Functional Outcome and Quality of Life of Patients After Repair of Large Perianal Skin Defects for Paget's and Bowen's Disease
Imran Hassan*3,1, Heidi Chua2, Santhat Nivatvongs3, Cathy D. Schleck4, Dirk R. Larson4
1Department of Surgery, SIU School of Medicine, Springfield, IL; 2Department of Surgery, Mayo Clinic, Jacksonville, FL; 3Division of Colon and Rectal Surgery, Mayo Clinic, Rochester, MN; 4Section of Biostatistics, Mayo Clinic, Rochester, MN
Introduction: Surgical treatment of perianal Paget's (PD) and Bowen's (BD) disease requires wide local excision of skin and subcutaneous tissue. Various techniques have been described to be feasible in repairing the resultant perianal defect. We assessed functional outcomes and QoL of patients undergoing repair of large perianal defects after wide local excision for PD and BD.
Methods: Between 1992 and 2004 at 2 institutions, 18 patients underwent repair of a defect involving at least half the circumference of the perianal region for PD (n=8) or BD (n=10) and were alive with intestinal continuity after 5-year median follow-up. Patients were mailed a standardized bowel function questionnaire, the fecal incontinence quality of life scale (FIQL) and the SF-36.

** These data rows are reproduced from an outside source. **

lemma openin_Hom_top_componentwise:
  assumes "\<And>i. i \<in> {0..n} \<Longrightarrow> openin (Diff_top D M) (W i)"
  shows "openin (Hom_top D M n k) {\<rho> \<in> topspace (Hom_top D M n k). \<forall>i\<in>{0..n}. \<rho> i \<in> W i}"
proof -
  define R where "R = {\<rho>::nat \<Rightarrow> 'a \<Rightarrow> 'a. (\<forall>i\<in>{1..n}. \<rho> 0 \<circ> \<rho> i = (\<rho> i ^^ k) \<circ> \<rho> 0) \<and>
         (\<forall>i\<in>{1..n}. \<forall>j\<in>{1..n}. \<rho> i \<circ> \<rho> j = \<rho> j \<circ> \<rho> i)}"
  have Hom: "Hom_top D M n k = subtopology (product_topology (\<lambda>_. Diff_top D M) {0..n}) R"
    unfolding Hom_top_def R_def by simp
  have "openin (Hom_top D M n k) (R \<inter> PiE {0..n} W)"
    unfolding Hom using assms by (intro openin_subtopology_Int2) (auto simp: openin_PiE_gen)
  moreover have "W i \<subseteq> topspace (Diff_top D M)" if "i \<in> {0..n}" for i
    using openin_subset[OF assms[OF that]] .
  then have "{\<rho> \<in> topspace (Hom_top D M n k). \<forall>i\<in>{0..n}. \<rho> i \<in> W i} = R \<inter> PiE {0..n} W"
    unfolding Hom by (auto simp: PiE_iff extensional_def; force)
  ultimately show ?thesis by simp
qed

definition C1_close_in_chart :: "('d::euclidean_space \<Rightarrow> 'e::euclidean_space) \<Rightarrow> 'd set \<Rightarrow> real
    \<Rightarrow> ('e \<Rightarrow> 'e) \<Rightarrow> ('e \<Rightarrow> 'e) \<Rightarrow> bool" where
  "C1_close_in_chart \<phi> K \<delta> f g \<longleftrightarrow> (\<forall>u\<in>K. dist (g (\<phi> u)) (f (\<phi> u)) < \<delta> \<and>
      (\<forall>v\<in>Basis. dist (pd v (g \<circ> \<phi>) u) (pd v (f \<circ> \<phi>) u) < \<delta>))"

definition Hom_C1_nbhd :: "'d::euclidean_space itself \<Rightarrow> 'e::euclidean_space set \<Rightarrow> nat \<Rightarrow> nat
    \<Rightarrow> ('d \<Rightarrow> 'e) \<Rightarrow> 'd set \<Rightarrow> (nat \<Rightarrow> 'e \<Rightarrow> 'e) \<Rightarrow> real \<Rightarrow> (nat \<Rightarrow> 'e \<Rightarrow> 'e) set" where
  "Hom_C1_nbhd D M n k \<phi> K \<rho>0 \<delta> =
     {\<rho> \<in> topspace (Hom_top D M n k). \<forall>i\<in>{0..n}. C1_close_in_chart \<phi> K \<delta> (\<rho>0 i) (\<rho> i)}"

Results: Fourteen patients (78%) responded after a mean follow up of 7 years (Standard deviation 4). Median age was 61 years (range 48-84) with 12 females. Subcutaneous skin flaps (n=11) and split-thickness skin grafts (n=3) were used to repair the perianal defects, which were circumferential in 11 (78%). Responders were significantly older than nonresponders (mean age 64 vs. 50, P=0.02), but similar in gender, pathology and surgery type. Five patients did not report incontinence to either stool or mucous during the day or night. Nine patients reported some form of incontinence and completed the FIQL. The FIQL scores of patients reporting incontinence were lower for lifestyle (2.9 vs. 3.6, P<0.01), coping/behavior (2.5 vs. 3.3, P<0.01), and embarrassment (2.5 vs. 3.4, P=0.01), but not significantly different for depression (3.4 vs. 3.7, P=0.31) compared to controls without incontinence (Rockwood et al. Dis Colon rectum 2000;43:9-17). Mean SF-36 physical and mental summary scores of patients were not significantly different from the normative population (43 vs. 50, P=0.051 and 50 vs. 50, P=0.96) or between patients reporting incontinence and those who did not (41 vs. 48, P=0.30 and 49 vs. 52, P=0.76).
Conclusions: Functional results after repair of large perianal defects are acceptable and overall QoL is similar to normative population. A proportion of patients have some form of incontinence which impacts certain aspects of their QoL, although overall QoL is similar to patients without incontinence.